Hint: In the given question, there are two equations. We will find the derivative of the first equation \[y = \dfrac{1}{4}{u^4}\] with respect to \[u\]. Then we will find the derivative of the second equation \[u = \dfrac{2}{3}{x^3} + 5\] with respect to \[x\]. By using these two derivatives, we will find \[\dfrac{{dy}}{{dx}}\].

Formula used
Power rule: \[\dfrac{{d{x^n}}}{{dx}} = n{x^{n - 1}}\]
\[\dfrac{{dc}}{{dx}} = 0\] where \[c\] is a constant
\[\dfrac{{dy}}{{dx}} = \dfrac{{dy}}{{du}} \cdot \dfrac{{du}}{{dx}}\]
\[\dfrac{d}{{dx}}\left( {cf\left( x \right)} \right) = c\dfrac{d}{{dx}}\left( {f\left( x \right)} \right)\] where \[c\] is a constant
Sum rule: \[\dfrac{d}{{dx}}\left( {f\left( x \right) + g\left( x \right)} \right) = \dfrac{d}{{dx}}\left( {f\left( x \right)} \right) + \dfrac{d}{{dx}}\left( {g\left( x \right)} \right)\]

Complete step by step solution:
Given equation is \[y = \dfrac{1}{4}{u^4}\]

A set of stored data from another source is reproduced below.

lemma class_mass_censored:
  assumes "v \<in> V" "(X, R) \<in> pairs"
  shows "J.class_mass (censored_rel v) (X, R) = joint (X - {v}, R) + joint (insert v X, R)"
proof -
  have "X \<subseteq> V" using assms by (simp add: mem_pairs_iff)
  then have "J.class_mass (censored_rel v) (X, R) = (\<Sum>u\<in>{(X - {v}, R), (insert v X, R)}. joint u * 1)"
    unfolding J.class_mass_def using assms(1) censored_class by (subst sum_class[symmetric]) auto
  moreover have "(X - {v}, R) \<noteq> (insert v X, R)" by auto
  ultimately show ?thesis by simp
qed

lemma censored_update_eq:
  assumes v: "v \<in> V" and s: "(X, R) \<in> pairs" and t: "(X', R') \<in> pairs"
  shows "censored_update v (X, R) (X', R') = (if R' = R then site_update V (pinned_tilt R) v X X' else 0)"
proof (cases "R' = R \<and> X' - {v} = X - {v}")
  case True
  obtain c where c: "c > 0" "\<And>Y. Y \<subseteq> V \<Longrightarrow> pinned_tilt R Y = c * joint (Y, R)"
    using pinned_tilt_proportional[OF s] by blast
  have XV: "X \<subseteq> V" and X'V: "X' \<subseteq> V" using s t by (auto simp: mem_pairs_iff)
  have "site_update V (pinned_tilt R) v X X'
      = (c * joint (X', R)) / (c * joint (X - {v}, R) + c * joint (insert v X, R))"
    using site_update_eq[OF v XV X'V] True c(2)[OF X'V] c(2)[of "X - {v}"] c(2)[of "insert v X"] XV v
    by auto
  also have "\<dots> = joint (X', R) / (joint (X - {v}, R) + joint (insert v X, R))"
    using c(1) by (simp add: distrib_left[symmetric])
  finally have "site_update V (pinned_tilt R) v X X' = joint (X', R) / (joint (X - {v}, R) + joint (insert v X, R))" .
  then show ?thesis using True t
    by (simp add: censored_update_def J.heat_bath_def censored_rel_def class_mass_censored[OF v s])
next
  case False
  then show ?thesis by (auto simp: censored_update_def J.heat_bath_def censored_rel_def site_update_def)
qed

lemma censored_glauber_eq:
  assumes "(X, R) \<in> pairs" "(X', R') \<in> pairs"
  shows "censored_glauber (X, R) (X', R') = (if R' = R then glauber V (pinned_tilt R) X X' else 0)"
  unfolding censored_glauber_def J.kernel_avg_def glauber_eq_site_update_avg
  using censored_update_eq[OF _ assms] by simp

definition pinning_slice :: "('v set \<times> 'v set \<Rightarrow> real) \<Rightarrow> 'v set \<Rightarrow> 'v set \<Rightarrow> real" where
  "pinning_slice q R X = (if (X, R) \<in> pairs then q (X, R) else 0)"

definition approx_field_dyn :: "nat \<Rightarrow> 'v set \<Rightarrow> 'v set \<Rightarrow> real" where
  "approx_field_dyn m X Y = (\<Sum>R\<in>Pow X. pin_prob X R * distr_at V (glauber V (pinned_tilt R)) X m Y)"

lemma tilted_glauber_support:
  assumes "(X, R) \<in> pairs" "distr_at V (glauber V (pinned_tilt R)) X t Y \<noteq> 0"
  shows "(Y, R) \<in> pairs"
proof -
  have "(Y', R) \<in> pairs" if "glauber V (pinned_tilt R) X' Y' \<noteq> 0" for X' Y'
    using glauber_support[where nu="pinned_tilt R", OF pinned_tilt_nonneg that] by (rule pinned_tilt_support)
  then show ?thesis using distr_at_support[where S="{Y. (Y, R) \<in> pairs}", OF _ _ assms(2)] assms(1) by blast
qed

text \<open>The censored chain never changes the pinning; on each pinning it runs tilted Glauber dynamics.\<close>
lemma pinning_slice_push_censored_glauber:
  "pinning_slice (J.push censored_glauber q) R = step V (glauber V (pinned_tilt R)) (pinning_slice q R)"
proof
  fix X'
  have step_eq: "step V (glauber V (pinned_tilt R)) (pinning_slice q R) X'
      = (\<Sum>X\<in>\<Omega>. pinning_slice q R X * glauber V (pinned_tilt R) X X')"
    unfolding step_def
    by (rule sum.mono_neutral_right) (auto simp: finite_V pinning_slice_def mem_pairs_iff support_def)
  show "pinning_slice (J.push censored_glauber q) R X' = step V (glauber V (pinned_tilt R)) (pinning_slice q R) X'"
  proof (cases "(X', R) \<in> pairs")
    case True
    have "J.push censored_glauber q (X', R) = (\<Sum>X\<in>\<Omega>. \<Sum>R0\<in>Pow X. q (X, R0) * censored_glauber (X, R0) (X', R))"
      unfolding J.push_def sum_pairs ..
    also have "\<dots> = (\<Sum>X\<in>\<Omega>. pinning_slice q R X * glauber V (pinned_tilt R) X X')"
    proof (intro sum.cong refl)
      fix X assume X: "X \<in> \<Omega>"
      have "(\<Sum>R0\<in>Pow X. q (X, R0) * censored_glauber (X, R0) (X', R))
          = (\<Sum>R0\<in>Pow X. if R0 = R then q (X, R) * glauber V (pinned_tilt R) X X' else 0)"
        using X True by (intro sum.cong refl) (auto simp: censored_glauber_eq mem_pairs)
      also have "\<dots> = pinning_slice q R X * glauber V (pinned_tilt R) X X'"
        using X finite_of_support[OF X] by (auto simp: pinning_slice_def mem_pairs)
      finally show "(\<Sum>R0\<in>Pow X. q (X, R0) * censored_glauber (X, R0) (X', R))
          = pinning_slice q R X * glauber V (pinned_tilt R) X X'" .
    qed
    finally show ?thesis using True step_eq by (simp add: pinning_slice_def)
  next
    case False
    have "pinning_slice q R X * glauber V (pinned_tilt R) X X' = 0" for X
      using False glauber_support[where nu="pinned_tilt R", OF pinned_tilt_nonneg, of V X X']
        pinned_tilt_support by (auto simp: pinning_slice_def)
    then have "(\<Sum>X\<in>\<Omega>. pinning_slice q R X * glauber V (pinned_tilt R) X X') = 0"
      by (intro sum.neutral) blast
    with False step_eq show ?thesis by (simp add: pinning_slice_def)
  qed
qed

Let’s calculate the derivate of the above equation with respect to \[u\].
\[\dfrac{{dy}}{{du}} = \dfrac{d}{{du}}\left( {\dfrac{1}{4}{u^4}} \right)\]

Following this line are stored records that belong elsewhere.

definition complete_semimodule ::
  "((idx \<Rightarrow> 'a::{semiring_0,monoid_mult}) \<Rightarrow> idx set \<Rightarrow> 'a) \<Rightarrow>
   ((idx \<Rightarrow> 'v::comm_monoid_add) \<Rightarrow> idx set \<Rightarrow> 'v) \<Rightarrow> ('a \<Rightarrow> 'v \<Rightarrow> 'v) \<Rightarrow> bool" where
  "complete_semimodule SigS SigV smult \<longleftrightarrow> complete_monoid SigV \<and>
     (\<forall>s v1 v2. smult s (v1 + v2) = smult s v1 + smult s v2) \<and>
     (\<forall>s1 s2 v. smult (s1 + s2) v = smult s1 v + smult s2 v) \<and>
     (\<forall>s1 s2 v. smult (s1 * s2) v = smult s1 (smult s2 v)) \<and>
     (\<forall>v. smult 1 v = v) \<and> (\<forall>v. smult 0 v = 0) \<and> (\<forall>s. smult s 0 = 0) \<and>
     (\<forall>s f I. SigV (\<lambda>i. smult s (f i)) I = smult s (SigV f I)) \<and>
     (\<forall>f I v. smult (SigS f I) v = SigV (\<lambda>i. smult (f i) v) I)"

text \<open>Complete semiring-semimodule pair with infinite product iprod (sequences indexed
  from 0, i.e. iprod s stands for s_0 s_1 s_2 ...).\<close>
definition complete_ssp ::
  "((idx \<Rightarrow> 'a::{semiring_0,monoid_mult}) \<Rightarrow> idx set \<Rightarrow> 'a) \<Rightarrow>
   ((idx \<Rightarrow> 'v::comm_monoid_add) \<Rightarrow> idx set \<Rightarrow> 'v) \<Rightarrow> ('a \<Rightarrow> 'v \<Rightarrow> 'v) \<Rightarrow>
   ((nat \<Rightarrow> 'a) \<Rightarrow> 'v) \<Rightarrow> bool" where
  "complete_ssp SigS SigV smult iprod \<longleftrightarrow>
     complete_semiring SigS \<and> complete_semimodule SigS SigV smult \<and>
     (\<forall>s. iprod s = smult (s 0) (iprod (\<lambda>j. s (Suc j)))) \<and>
     (\<forall>s (m::nat \<Rightarrow> nat). strict_mono m \<and> m 0 = 0 \<longrightarrow>
        iprod s = iprod (\<lambda>j. prod_list (map s [m j..<m (Suc j)]))) \<and>
     (\<forall>(s :: nat \<Rightarrow> idx \<Rightarrow> 'a) (Is :: nat \<Rightarrow> idx set).
        iprod (\<lambda>j. SigS (s j) (Is j)) =
        gsum SigV encseq (\<lambda>f. iprod (\<lambda>j. s j (f j))) {f. \<forall>j. f j \<in> Is j})"

text \<open>Pushdown transition matrices: M pi1 pi2 i j is entry (i,j) (1 <= i,j <= n) of block
  (pi1,pi2); stacks are lists whose head is the top symbol.\<close>
definition pushdown_tm :: "nat \<Rightarrow> ('g list \<Rightarrow> 'g list \<Rightarrow> nat \<Rightarrow> nat \<Rightarrow> 'a::zero) \<Rightarrow> bool" where
  "pushdown_tm n M \<longleftrightarrow>
     (\<forall>p. finite {\<pi>. \<exists>i\<in>{1..n}. \<exists>j\<in>{1..n}. M [p] \<pi> i j \<noteq> 0}) \<and>
     (\<forall>p \<pi> \<pi>'. \<forall>i\<in>{1..n}. \<forall>j\<in>{1..n}. M (p # \<pi>') (\<pi> @ \<pi>') i j = M [p] \<pi> i j) \<and>
     (\<forall>\<pi>1 \<pi>2. (\<nexists>p \<pi> \<pi>'. \<pi>1 = p # \<pi>' \<and> \<pi>2 = \<pi> @ \<pi>') \<longrightarrow>
        (\<forall>i\<in>{1..n}. \<forall>j\<in>{1..n}. M \<pi>1 \<pi>2 i j = 0))"

definition mat_mult :: "((idx \<Rightarrow> 'a::{semiring_0,monoid_mult}) \<Rightarrow> idx set \<Rightarrow> 'a) \<Rightarrow> nat \<Rightarrow>
   ('g::countable list \<Rightarrow> 'g list \<Rightarrow> nat \<Rightarrow> nat \<Rightarrow> 'a) \<Rightarrow> ('g list \<Rightarrow> 'g list \<Rightarrow> nat \<Rightarrow> nat \<Rightarrow> 'a) \<Rightarrow>
   'g list \<Rightarrow> 'g list \<Rightarrow> nat \<Rightarrow> nat \<Rightarrow> 'a" where
  "mat_mult SigS n A B \<pi>1 \<pi>2 i j =
     gsum SigS encc (\<lambda>(\<pi>, k). A \<pi>1 \<pi> i k * B \<pi> \<pi>2 k j) (UNIV \<times> {1..n})"

primrec mat_pow :: "((idx \<Rightarrow> 'a::{semiring_0,monoid_mult}) \<Rightarrow> idx set \<Rightarrow> 'a) \<Rightarrow> nat \<Rightarrow>
   ('g::countable list \<Rightarrow> 'g list \<Rightarrow> nat \<Rightarrow> nat \<Rightarrow> 'a) \<Rightarrow> nat \<Rightarrow>
   'g list \<Rightarrow> 'g list \<Rightarrow> nat \<Rightarrow> nat \<Rightarrow> 'a" where
  "mat_pow SigS n M 0 = (\<lambda>\<pi>1 \<pi>2 i j. if \<pi>1 = \<pi>2 \<and> i = j then 1 else 0)"
| "mat_pow SigS n M (Suc m) = mat_mult SigS n (mat_pow SigS n M m) M"

definition mat_star :: "((idx \<Rightarrow> 'a::{semiring_0,monoid_mult}) \<Rightarrow> idx set \<Rightarrow> 'a) \<Rightarrow> nat \<Rightarrow>
   ('g::countable list \<Rightarrow> 'g list \<Rightarrow> nat \<Rightarrow> nat \<Rightarrow> 'a) \<Rightarrow>
   'g list \<Rightarrow> 'g list \<Rightarrow> nat \<Rightarrow> nat \<Rightarrow> 'a" where
  "mat_star SigS n M \<pi>1 \<pi>2 i j = gsum SigS encc (\<lambda>m. mat_pow SigS n M m \<pi>1 \<pi>2 i j) UNIV"

text \<open>M^{omega,l}: q t = (pi_{t+1}, j_{t+1}); the path starts at (pi, i).\<close>
definition omega_l :: "((idx \<Rightarrow> 'v::comm_monoid_add) \<Rightarrow> idx set \<Rightarrow> 'v) \<Rightarrow> ((nat \<Rightarrow> 'a) \<Rightarrow> 'v) \<Rightarrow>
   nat \<Rightarrow> ('g::countable list \<Rightarrow> 'g list \<Rightarrow> nat \<Rightarrow> nat \<Rightarrow> 'a) \<Rightarrow> nat \<Rightarrow> 'g list \<Rightarrow> nat \<Rightarrow> 'v" where
  "omega_l SigV iprod n M l \<pi> i =
     gsum SigV encs
       (\<lambda>q. let vtx = (\<lambda>t. if t = 0 then (\<pi>, i) else q (t - 1)) in
            iprod (\<lambda>t. M (fst (vtx t)) (fst (vtx (Suc t))) (snd (vtx t)) (snd (vtx (Suc t)))))
       {q. (\<forall>t. snd (q t) \<in> {1..n}) \<and> infinite {t. snd (q t) \<le> l}}"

Now we will apply the formula \[\dfrac{d}{{dx}}\left( {cf\left( x \right)} \right) = c\dfrac{d}{{dx}}\left( {f\left( x \right)} \right)\]
\[\dfrac{{dy}}{{du}} = \dfrac{1}{4}\dfrac{d}{{du}}\left( {{u^4}} \right)\]

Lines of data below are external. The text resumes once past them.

(* Let $(P,\mathcal{B})$ be a pairwise balanced design with $n\ge 2$ points, and let $\tau$ be the maximum size of a block in $\mathcal{B}$. Then \[\sum_{B\in\mathcal{B}}|B|\ \ge\ \frac{n(n-1)}{\tau-1}.\] Moreover, if $\mathcal{B}$ contains a block of size $k$, then \[\sum_{B\in\mathcal{B}}|B|\ \ge\ (n+1)k-\frac{k^2(k-1)}{n-1}\qquad\text{and}\qquad \sum_{B\in\mathcal{B}}|B|\ \ge\ k-\frac{(n-k)(n-5k-1)}{2}.\] Finally, for every integer $k$ with $n/2\le k\le n$, there exists a pairwise balanced design on $n$ points having a block of size $k$ for which $\sum_{B\in\mathcal{B}}|B| = k-\frac{(n-k)(n-5k-1)}{2}$.
   Context: A pairwise balanced design (PBD) is a pair $(P,\mathcal{B})$ where $P$ is a finite set of points and $\mathcal{B}$ is a family of subsets of $P$ (blocks) such that every two distinct points of $P$ lie in exactly one block. *)

theory Defs
  imports Complex_Main
begin

definition PBD :: "'a set \<Rightarrow> 'a set set \<Rightarrow> bool" where
  "PBD P \<B> \<longleftrightarrow> finite P \<and> (\<forall>B\<in>\<B>. B \<subseteq> P) \<and>
     (\<forall>x\<in>P. \<forall>y\<in>P. x \<noteq> y \<longrightarrow> (\<exists>!B. B \<in> \<B> \<and> x \<in> B \<and> y \<in> B))"

end

theory Submission
  imports Defs "HOL-Number_Theory.Cong"
begin

text \<open>Every pair of distinct points lies in exactly one block, so double counting ordered pairs
  gives \<open>\<Sum> |B| (|B| - 1) = n (n - 1)\<close>; since \<open>|B| - 1 \<le> \<tau> - 1\<close>, the first bound follows.

  Fix a block \<open>B\<^sub>0\<close> of size \<open>k\<close> and let \<open>m = n - k\<close>. Every other block \<open>B\<close> has \<open>a \<le> 1\<close> points
  in \<open>B\<^sub>0\<close> and \<open>b\<close> points outside, and counting the pairs across and outside \<open>B\<^sub>0\<close> gives
  \<open>\<Sum> a b = k m\<close> and \<open>\<Sum> b (b - 1) = m (m - 1)\<close>. Hence \<open>\<Sum> |B| \<ge> k + c k m - d m (m - 1)\<close>
  whenever \<open>a + b \<ge> c a b - d b (b - 1)\<close> for all \<open>a \<le> 1\<close>; the choices \<open>(c, d) = (2, 1/2)\<close> and
  \<open>(1 + 2 s - s\<^sup>2, s\<^sup>2)\<close> with \<open>s = k / (n - 1)\<close> give the other two bounds.

  The bound for \<open>(2, 1/2)\<close> is attained when every other block has \<open>a = 1\<close> and \<open>b \<in> {1, 2}\<close>:
  identify the points outside \<open>B\<^sub>0\<close> with \<open>\<int>/m\<close>, and join each \<open>x \<in> B\<^sub>0\<close> to the classes of the
  partition of \<open>\<int>/m\<close> into the pairs \<open>{i, j}\<close> with \<open>i + j \<equiv> x\<close> and the remaining singletons.
  Since \<open>m \<le> k\<close>, every residue \<open>x\<close> is available as a point of \<open>B\<^sub>0\<close>.\<close>

lemma PBD_finite_block: "PBD P \<B> \<Longrightarrow> B \<in> \<B> \<Longrightarrow> finite B"
  unfolding PBD_def by (meson finite_subset)

lemma PBD_finite: "PBD P \<B> \<Longrightarrow> finite \<B>"
  unfolding PBD_def by (meson Pow_iff finite_Pow_iff finite_subset subsetI)

lemma PBD_block_through_pair:
  assumes "PBD P \<B>" "x \<in> P" "y \<in> P" "x \<noteq> y"
  obtains B where "B \<in> \<B>" "x \<in> B" "y \<in> B"
  using assms unfolding PBD_def by blast

lemma PBD_block_eq:
  assumes "PBD P \<B>" "B \<in> \<B>" "B' \<in> \<B>" "{x, y} \<subseteq> B" "{x, y} \<subseteq> B'" "x \<noteq> y"
  shows "B = B'"
proof -
  have "x \<in> P" "y \<in> P" using assms unfolding PBD_def by auto
  then have "\<exists>!B. B \<in> \<B> \<and> x \<in> B \<and> y \<in> B" using assms unfolding PBD_def by blast
  then show ?thesis using assms by auto
qed

lemma PBD_card_Int_le_1:
  assumes "PBD P \<B>" "B \<in> \<B>" "B' \<in> \<B>" "B \<noteq> B'"
  shows "card (B \<inter> B') \<le> 1"
proof -
  have "x = y" if "x \<in> B \<inter> B'" "y \<in> B \<inter> B'" for x y
    using PBD_block_eq[OF assms(1-3), of x y] assms(4) that by auto
  then show ?thesis
    using PBD_finite_block[OF assms(1,2)] by (simp add: card_le_Suc0_iff_eq)
qed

Now we will apply the power rule of derivative
\[\dfrac{{dy}}{{du}} = \dfrac{1}{4} \times 4{u^{4 - 1}}\]
\[ \Rightarrow \dfrac{{dy}}{{du}} = {u^3}\]
The second equation is
\[u = \dfrac{2}{3}{x^3} + 5\]
Let’s calculate the derivate of the above equation with respect to \[x\].
\[\dfrac{{du}}{{dx}} = \dfrac{d}{{dx}}\left( {\dfrac{2}{3}{x^3} + 5} \right)\]
Now we will apply the sum rule of derivative.
\[\dfrac{{du}}{{dx}} = \dfrac{d}{{dx}}\left( {\dfrac{2}{3}{x^3}} \right) + \dfrac{d}{{dx}}\left( 5 \right)\]
Now we will apply the formulas \[\dfrac{d}{{dx}}\left( {cf\left( x \right)} \right) = c\dfrac{d}{{dx}}\left( {f\left( x \right)} \right)\] and \[\dfrac{{dc}}{{dx}} = 0\]
\[\dfrac{{du}}{{dx}} = \dfrac{2}{3}\dfrac{d}{{dx}}\left( {{x^3}} \right) + 0\] [since 5 is a constant so it’s derivative will be zero]
Apply the power rule of derivative
\[\dfrac{{du}}{{dx}} = \dfrac{2}{3} \times 3{x^{3 - 1}}\]
\[ \Rightarrow \dfrac{{du}}{{dx}} = 2{x^2}\]
Let’s find the expression for \[\dfrac{{dy}}{{dx}}\] by applying the formula \[\dfrac{{dy}}{{dx}} = \dfrac{{dy}}{{du}} \cdot \dfrac{{du}}{{dx}}\]
Putting the values of \[\dfrac{{dy}}{{du}}\] and \[\dfrac{{du}}{{dx}}\]
\[\dfrac{{dy}}{{dx}} = 2{x^2} \cdot {u^3}\]
Now put \[u = \dfrac{2}{3}{x^3} + 5\] in the above equation
\[\dfrac{{dy}}{{dx}} = 2{x^2}{\left( {\dfrac{2}{3}{x^3} + 5} \right)^3}\]
Simplify the above equation
\[\dfrac{{dy}}{{dx}} = 2{x^2}{\left( {\dfrac{{2{x^3} + 5}}{3}} \right)^3}\]
\[ \Rightarrow \dfrac{{dy}}{{dx}} = \dfrac{{2{x^2}}}{{27}}{\left( {2{x^3} + 5} \right)^3}\]

Hence the correct option is option C.

Note: Students are often confused with the formula \[\dfrac{{dy}}{{dx}} = \dfrac{{\dfrac{{dy}}{{du}}}}{{\dfrac{{du}}{{dx}}}}\] and \[\dfrac{{dy}}{{dx}} = \dfrac{{dy}}{{du}} \cdot \dfrac{{du}}{{dx}}\]. But the correct formula is \[\dfrac{{dy}}{{dx}} = \dfrac{{dy}}{{du}} \cdot \dfrac{{du}}{{dx}}\]. \[\dfrac{{dy}}{{dx}} = \dfrac{{\dfrac{{dy}}{{du}}}}{{\dfrac{{du}}{{dx}}}}\] is an incorrect formula. The correct formula should be \[\dfrac{{dy}}{{dx}} = \dfrac{{\dfrac{{dy}}{{du}}}}{{\dfrac{{dx}}{{du}}}}\].